Records contained in a dataset
═══

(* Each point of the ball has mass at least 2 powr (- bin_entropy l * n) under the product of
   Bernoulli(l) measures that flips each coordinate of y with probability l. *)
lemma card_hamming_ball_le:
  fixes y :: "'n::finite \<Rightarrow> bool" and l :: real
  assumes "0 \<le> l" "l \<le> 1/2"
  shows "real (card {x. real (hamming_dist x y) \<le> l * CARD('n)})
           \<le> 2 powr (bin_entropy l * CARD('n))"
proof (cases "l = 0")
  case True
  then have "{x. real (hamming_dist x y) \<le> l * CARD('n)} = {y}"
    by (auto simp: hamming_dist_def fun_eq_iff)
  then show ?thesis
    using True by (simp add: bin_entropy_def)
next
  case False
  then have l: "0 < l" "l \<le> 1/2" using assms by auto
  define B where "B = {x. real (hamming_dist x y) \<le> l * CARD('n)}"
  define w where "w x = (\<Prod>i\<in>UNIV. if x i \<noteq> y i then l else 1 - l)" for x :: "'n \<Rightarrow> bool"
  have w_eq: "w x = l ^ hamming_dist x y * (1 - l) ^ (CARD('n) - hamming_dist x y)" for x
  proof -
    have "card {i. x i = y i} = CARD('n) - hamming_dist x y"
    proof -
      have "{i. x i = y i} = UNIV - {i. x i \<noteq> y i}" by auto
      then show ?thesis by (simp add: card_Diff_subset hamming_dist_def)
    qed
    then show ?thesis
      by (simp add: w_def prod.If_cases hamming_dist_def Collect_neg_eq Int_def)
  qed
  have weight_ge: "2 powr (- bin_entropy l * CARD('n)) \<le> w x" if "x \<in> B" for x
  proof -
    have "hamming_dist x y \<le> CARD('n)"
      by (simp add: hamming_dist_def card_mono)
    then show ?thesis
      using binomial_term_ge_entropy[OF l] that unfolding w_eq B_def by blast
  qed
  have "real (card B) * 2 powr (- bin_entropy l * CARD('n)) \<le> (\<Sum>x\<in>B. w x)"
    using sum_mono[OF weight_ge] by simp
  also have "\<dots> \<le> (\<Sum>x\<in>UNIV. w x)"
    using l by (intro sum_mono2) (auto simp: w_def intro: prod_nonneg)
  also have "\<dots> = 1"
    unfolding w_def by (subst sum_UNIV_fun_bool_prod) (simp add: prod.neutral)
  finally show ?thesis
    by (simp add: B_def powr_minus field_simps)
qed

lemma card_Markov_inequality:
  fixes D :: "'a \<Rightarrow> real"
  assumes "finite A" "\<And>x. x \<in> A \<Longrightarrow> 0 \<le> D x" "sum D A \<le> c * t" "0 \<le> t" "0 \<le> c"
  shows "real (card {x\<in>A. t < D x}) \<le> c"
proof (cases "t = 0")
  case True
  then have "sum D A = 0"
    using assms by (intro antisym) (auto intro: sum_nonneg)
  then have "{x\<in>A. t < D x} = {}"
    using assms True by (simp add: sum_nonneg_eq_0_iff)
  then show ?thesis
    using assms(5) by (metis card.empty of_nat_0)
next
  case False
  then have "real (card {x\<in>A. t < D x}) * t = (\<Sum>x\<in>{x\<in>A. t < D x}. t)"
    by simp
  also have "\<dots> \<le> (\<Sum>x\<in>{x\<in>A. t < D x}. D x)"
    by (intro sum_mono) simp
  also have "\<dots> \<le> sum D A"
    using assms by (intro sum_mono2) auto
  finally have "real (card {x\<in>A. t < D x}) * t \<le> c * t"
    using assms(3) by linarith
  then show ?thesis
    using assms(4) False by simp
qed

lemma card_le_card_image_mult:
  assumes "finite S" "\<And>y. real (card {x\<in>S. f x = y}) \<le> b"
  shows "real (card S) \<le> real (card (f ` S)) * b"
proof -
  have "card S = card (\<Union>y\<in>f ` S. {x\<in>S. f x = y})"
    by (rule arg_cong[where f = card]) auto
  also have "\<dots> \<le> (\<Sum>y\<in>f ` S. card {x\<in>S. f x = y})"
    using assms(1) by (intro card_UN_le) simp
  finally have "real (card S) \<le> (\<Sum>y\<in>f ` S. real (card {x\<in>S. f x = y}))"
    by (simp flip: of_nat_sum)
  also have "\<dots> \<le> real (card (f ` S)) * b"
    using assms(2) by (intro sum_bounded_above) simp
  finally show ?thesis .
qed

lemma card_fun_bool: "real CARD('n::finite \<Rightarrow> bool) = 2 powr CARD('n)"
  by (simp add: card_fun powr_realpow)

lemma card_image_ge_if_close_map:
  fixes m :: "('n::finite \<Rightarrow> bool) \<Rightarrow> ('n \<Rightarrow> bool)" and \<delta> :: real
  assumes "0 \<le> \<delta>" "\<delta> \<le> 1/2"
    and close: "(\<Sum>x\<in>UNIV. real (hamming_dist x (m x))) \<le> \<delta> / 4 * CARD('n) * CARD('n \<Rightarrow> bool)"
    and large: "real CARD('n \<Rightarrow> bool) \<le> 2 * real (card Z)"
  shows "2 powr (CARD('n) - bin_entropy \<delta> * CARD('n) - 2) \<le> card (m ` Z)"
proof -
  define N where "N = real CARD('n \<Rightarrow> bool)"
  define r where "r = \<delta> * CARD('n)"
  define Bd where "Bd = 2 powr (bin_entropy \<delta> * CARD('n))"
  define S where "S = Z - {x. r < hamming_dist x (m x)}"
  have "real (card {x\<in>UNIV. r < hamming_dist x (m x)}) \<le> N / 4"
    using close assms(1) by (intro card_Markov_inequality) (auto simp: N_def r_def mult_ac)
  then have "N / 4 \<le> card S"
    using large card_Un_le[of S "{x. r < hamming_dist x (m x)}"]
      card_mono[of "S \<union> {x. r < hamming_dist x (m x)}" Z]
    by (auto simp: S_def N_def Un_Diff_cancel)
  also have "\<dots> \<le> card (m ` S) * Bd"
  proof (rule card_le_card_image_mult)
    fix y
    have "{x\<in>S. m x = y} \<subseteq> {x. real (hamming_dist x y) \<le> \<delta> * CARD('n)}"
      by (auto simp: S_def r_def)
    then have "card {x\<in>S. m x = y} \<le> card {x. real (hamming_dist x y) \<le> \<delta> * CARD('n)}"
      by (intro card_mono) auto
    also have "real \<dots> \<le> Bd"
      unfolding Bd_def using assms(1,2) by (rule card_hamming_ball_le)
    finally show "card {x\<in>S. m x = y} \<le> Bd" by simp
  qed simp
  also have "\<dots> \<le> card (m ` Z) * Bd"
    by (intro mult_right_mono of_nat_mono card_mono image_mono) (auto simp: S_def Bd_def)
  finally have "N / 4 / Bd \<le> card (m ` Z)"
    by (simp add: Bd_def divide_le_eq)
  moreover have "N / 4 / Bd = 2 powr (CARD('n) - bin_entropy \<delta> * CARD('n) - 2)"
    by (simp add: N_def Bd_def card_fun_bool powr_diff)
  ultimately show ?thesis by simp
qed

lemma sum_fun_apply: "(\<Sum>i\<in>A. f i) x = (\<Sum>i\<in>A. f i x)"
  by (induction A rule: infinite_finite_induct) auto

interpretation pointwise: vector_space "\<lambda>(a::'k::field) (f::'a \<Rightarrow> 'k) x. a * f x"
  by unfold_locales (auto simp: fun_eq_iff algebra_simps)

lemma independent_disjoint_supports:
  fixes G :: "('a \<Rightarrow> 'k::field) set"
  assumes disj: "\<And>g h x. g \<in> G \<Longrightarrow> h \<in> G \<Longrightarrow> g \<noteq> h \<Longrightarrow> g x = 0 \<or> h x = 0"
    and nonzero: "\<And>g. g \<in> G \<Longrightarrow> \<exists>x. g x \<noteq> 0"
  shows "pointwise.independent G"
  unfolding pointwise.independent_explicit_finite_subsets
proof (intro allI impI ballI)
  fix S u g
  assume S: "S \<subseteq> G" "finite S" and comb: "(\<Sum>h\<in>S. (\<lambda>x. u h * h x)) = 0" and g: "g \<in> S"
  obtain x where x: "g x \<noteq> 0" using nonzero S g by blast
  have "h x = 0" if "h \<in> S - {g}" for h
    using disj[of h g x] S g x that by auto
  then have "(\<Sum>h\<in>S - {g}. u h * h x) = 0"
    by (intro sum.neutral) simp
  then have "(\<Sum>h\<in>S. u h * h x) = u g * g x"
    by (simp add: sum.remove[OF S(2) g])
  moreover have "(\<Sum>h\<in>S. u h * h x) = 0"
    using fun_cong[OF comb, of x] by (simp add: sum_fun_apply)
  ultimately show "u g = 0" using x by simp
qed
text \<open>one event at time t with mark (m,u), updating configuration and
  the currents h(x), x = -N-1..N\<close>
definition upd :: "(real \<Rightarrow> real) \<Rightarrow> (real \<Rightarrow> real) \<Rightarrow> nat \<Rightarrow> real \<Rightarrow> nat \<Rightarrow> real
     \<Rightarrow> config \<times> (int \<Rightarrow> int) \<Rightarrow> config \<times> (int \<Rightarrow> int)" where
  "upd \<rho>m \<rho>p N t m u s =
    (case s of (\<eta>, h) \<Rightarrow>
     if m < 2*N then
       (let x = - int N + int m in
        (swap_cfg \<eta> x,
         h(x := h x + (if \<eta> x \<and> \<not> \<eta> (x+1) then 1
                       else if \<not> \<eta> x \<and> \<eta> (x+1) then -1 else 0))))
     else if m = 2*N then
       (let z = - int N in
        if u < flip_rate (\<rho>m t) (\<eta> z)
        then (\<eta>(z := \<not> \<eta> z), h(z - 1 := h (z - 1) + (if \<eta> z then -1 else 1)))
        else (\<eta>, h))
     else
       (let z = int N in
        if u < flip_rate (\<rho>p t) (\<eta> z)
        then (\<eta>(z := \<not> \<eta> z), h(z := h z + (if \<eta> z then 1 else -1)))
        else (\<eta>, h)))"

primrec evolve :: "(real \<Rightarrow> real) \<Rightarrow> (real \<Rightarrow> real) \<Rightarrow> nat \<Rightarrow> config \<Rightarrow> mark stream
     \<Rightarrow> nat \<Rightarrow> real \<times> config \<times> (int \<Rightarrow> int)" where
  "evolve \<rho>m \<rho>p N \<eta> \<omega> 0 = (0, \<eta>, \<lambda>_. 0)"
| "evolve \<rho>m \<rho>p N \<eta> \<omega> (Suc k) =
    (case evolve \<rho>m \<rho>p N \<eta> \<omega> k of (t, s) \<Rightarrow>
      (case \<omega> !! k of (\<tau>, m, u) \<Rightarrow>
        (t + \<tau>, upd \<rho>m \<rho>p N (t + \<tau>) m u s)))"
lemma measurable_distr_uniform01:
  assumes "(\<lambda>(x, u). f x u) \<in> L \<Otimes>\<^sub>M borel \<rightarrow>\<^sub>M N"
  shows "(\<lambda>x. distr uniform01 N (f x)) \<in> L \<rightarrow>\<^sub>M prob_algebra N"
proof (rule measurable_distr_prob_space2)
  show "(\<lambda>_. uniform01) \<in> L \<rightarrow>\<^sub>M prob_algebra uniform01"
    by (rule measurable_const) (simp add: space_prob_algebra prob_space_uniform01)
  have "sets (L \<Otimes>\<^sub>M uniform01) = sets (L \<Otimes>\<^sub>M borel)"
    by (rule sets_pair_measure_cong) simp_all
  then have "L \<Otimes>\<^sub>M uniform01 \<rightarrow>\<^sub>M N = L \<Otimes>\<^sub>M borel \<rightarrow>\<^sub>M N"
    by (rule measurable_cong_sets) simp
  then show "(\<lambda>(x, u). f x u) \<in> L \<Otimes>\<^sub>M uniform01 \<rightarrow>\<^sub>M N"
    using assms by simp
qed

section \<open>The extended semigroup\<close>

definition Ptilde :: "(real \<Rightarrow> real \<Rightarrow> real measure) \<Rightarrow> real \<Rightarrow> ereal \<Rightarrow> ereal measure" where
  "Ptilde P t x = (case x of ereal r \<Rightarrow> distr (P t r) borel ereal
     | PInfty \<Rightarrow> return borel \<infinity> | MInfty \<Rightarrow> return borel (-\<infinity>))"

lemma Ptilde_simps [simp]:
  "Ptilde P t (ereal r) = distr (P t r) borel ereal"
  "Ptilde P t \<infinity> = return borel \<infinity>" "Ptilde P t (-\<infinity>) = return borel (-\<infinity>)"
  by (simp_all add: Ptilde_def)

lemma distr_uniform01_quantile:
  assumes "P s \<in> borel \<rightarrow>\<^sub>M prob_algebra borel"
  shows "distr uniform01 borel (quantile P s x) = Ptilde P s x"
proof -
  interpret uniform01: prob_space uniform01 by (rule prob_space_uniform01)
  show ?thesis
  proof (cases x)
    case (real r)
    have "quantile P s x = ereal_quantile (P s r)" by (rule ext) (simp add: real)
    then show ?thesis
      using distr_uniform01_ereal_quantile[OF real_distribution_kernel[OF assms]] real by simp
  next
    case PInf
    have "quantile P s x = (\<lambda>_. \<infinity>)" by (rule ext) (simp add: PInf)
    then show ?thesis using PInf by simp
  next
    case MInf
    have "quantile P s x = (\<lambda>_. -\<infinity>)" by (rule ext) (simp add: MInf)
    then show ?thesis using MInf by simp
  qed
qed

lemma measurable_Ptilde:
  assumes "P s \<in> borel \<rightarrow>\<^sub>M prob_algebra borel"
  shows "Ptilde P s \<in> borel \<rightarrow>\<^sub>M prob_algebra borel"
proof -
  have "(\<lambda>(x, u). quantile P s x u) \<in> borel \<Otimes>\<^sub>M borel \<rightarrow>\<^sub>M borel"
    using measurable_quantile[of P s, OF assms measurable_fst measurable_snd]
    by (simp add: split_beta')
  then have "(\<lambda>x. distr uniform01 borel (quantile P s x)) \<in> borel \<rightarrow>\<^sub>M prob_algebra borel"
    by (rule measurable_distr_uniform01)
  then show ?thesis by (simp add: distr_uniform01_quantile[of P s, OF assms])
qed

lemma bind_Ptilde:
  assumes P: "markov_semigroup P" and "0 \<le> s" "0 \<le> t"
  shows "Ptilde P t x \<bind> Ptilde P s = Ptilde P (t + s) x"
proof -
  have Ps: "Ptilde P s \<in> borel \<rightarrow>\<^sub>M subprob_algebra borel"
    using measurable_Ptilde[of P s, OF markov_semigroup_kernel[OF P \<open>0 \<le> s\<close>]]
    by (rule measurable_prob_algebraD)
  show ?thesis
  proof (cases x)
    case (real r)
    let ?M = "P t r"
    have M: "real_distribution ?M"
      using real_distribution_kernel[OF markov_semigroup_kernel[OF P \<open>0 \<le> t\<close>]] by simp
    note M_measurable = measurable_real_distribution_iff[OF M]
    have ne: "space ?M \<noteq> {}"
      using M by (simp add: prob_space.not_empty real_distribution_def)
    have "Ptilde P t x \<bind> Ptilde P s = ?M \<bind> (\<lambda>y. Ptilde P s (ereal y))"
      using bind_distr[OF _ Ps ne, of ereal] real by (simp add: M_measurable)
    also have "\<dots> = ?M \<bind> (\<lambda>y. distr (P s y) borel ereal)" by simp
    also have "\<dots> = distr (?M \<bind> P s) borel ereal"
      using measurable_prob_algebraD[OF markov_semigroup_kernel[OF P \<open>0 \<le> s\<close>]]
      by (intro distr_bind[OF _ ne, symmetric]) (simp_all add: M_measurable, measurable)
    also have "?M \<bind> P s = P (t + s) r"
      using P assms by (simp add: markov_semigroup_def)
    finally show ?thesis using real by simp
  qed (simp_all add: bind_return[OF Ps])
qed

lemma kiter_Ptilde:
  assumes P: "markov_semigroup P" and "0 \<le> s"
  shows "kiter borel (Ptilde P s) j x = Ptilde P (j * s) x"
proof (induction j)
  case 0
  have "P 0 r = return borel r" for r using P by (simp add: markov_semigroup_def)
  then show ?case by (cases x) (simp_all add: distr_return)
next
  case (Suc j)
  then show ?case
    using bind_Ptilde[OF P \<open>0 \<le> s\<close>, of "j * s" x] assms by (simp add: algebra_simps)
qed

═══

**Instructions for the task**
Go through the entries above and pull out each line with "omega" in it.

**Solution**
  "evolve \<rho>m \<rho>p N \<eta> \<omega> 0 = (0, \<eta>, \<lambda>_. 0)"
| "evolve \<rho>m \<rho>p N \<eta> \<omega> (Suc k) =
    (case evolve \<rho>m \<rho>p N \<eta> \<omega> k of (t, s) \<Rightarrow>
      (case \<omega> !! k of (\<tau>, m, u) \<Rightarrow>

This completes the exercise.